(* Let $n$ be even and let $F\colon \mathbb F_2^n\to\mathbb F_2^n$ be a quadratic APN function. For $b\in\mathbb F_2^n\setminus\{0\}$ let $V_b=T_b\cup\overline{T_b}$ as defined in the context. Then the collection $\{V_b\colon b\in\mathbb F_2^n\setminus\{0\}\}$ is a vector space partition of $\mathbb F_2^n$, i.e. each $V_b$ is a subspace, $V_{b_1}\cap V_{b_2}=\{0\}$ for $b_1\neq b_2$, and every nonzero vector of $\mathbb F_2^n$ lies in some $V_b$.
   Context: $\langle\cdot,\cdot\rangle$ is the standard dot product on $\mathbb F_2^n$. A function $F\colon\mathbb F_2^n\to\mathbb F_2^n$ is APN if for every $a\neq 0$ and every $c$, the equation $F(x)+F(x+a)=c$ has at most $2$ solutions $x$. $F$ is quadratic if every component function $x\mapsto\langle b,F(x)\rangle$ is the sum of a quadratic form and an affine function over $\mathbb F_2$. Put $D_{F,a}(x)=F(x)+F(x+a)$, $H_b=\{x\colon\langle b,x\rangle=0\}$, $\overline{H_b}=\{x\colon\langle b,x\rangle=1\}$, $T_b=\{a\in\mathbb F_2^n\colon \mathrm{Im}(D_{F,a})=H_b\}\cup\{0\}$, $\overline{T_b}=\{a\in\mathbb F_2^n\colon \mathrm{Im}(D_{F,a})=\overline{H_b}\}$, and $V_b=T_b\cup\overline{T_b}$. (For a quadratic APN function and $a\ne 0$, $\mathrm{Im}(D_{F,a})$ is an affine hyperplane; $V_b$ is a linear subspace.) *)

theory Defs
  imports "HOL-Analysis.Analysis" "HOL-Library.Z2"
begin

text \<open>F_2^n is modelled as bit ^ 'n, with n = CARD('n).\<close>

definition dotp :: "bit ^ 'n \<Rightarrow> bit ^ 'n \<Rightarrow> bit" where
  "dotp x y = (\<Sum>i\<in>UNIV. x $ i * y $ i)"

definition is_APN :: "(bit ^ 'n \<Rightarrow> bit ^ 'n) \<Rightarrow> bool" where
  "is_APN F \<longleftrightarrow> (\<forall>a c. a \<noteq> 0 \<longrightarrow> card {x. F x + F (x + a) = c} \<le> 2)"

definition is_quadratic :: "(bit ^ 'n \<Rightarrow> bit ^ 'n) \<Rightarrow> bool" where
  "is_quadratic F \<longleftrightarrow> (\<forall>b. \<exists>(q :: 'n \<Rightarrow> 'n \<Rightarrow> bit) (l :: 'n \<Rightarrow> bit) (e :: bit).
      \<forall>x. dotp b (F x) = (\<Sum>i\<in>UNIV. \<Sum>j\<in>UNIV. q i j * x $ i * x $ j)
                          + (\<Sum>i\<in>UNIV. l i * x $ i) + e)"

definition DF :: "(bit ^ 'n \<Rightarrow> bit ^ 'n) \<Rightarrow> bit ^ 'n \<Rightarrow> bit ^ 'n \<Rightarrow> bit ^ 'n" where
  "DF F a x = F x + F (x + a)"

definition H :: "bit ^ 'n \<Rightarrow> (bit ^ 'n) set" where
  "H b = {x. dotp b x = 0}"

definition Hbar :: "bit ^ 'n \<Rightarrow> (bit ^ 'n) set" where
  "Hbar b = {x. dotp b x = 1}"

....

Look over the data above and show each line that contains "dotp".

Response area -
definition dotp :: "bit ^ 'n \<Rightarrow> bit ^ 'n \<Rightarrow> bit" where
  "dotp x y = (\<Sum>i\<in>UNIV. x $ i * y $ i)"
      \<forall>x. dotp b (F x) = (\<Sum>i\<in>UNIV. \<Sum>j\<in>UNIV. q i j * x $ i * x $ j)
  "H b = {x. dotp b x = 0}"
  "Hbar b = {x. dotp b x = 1}"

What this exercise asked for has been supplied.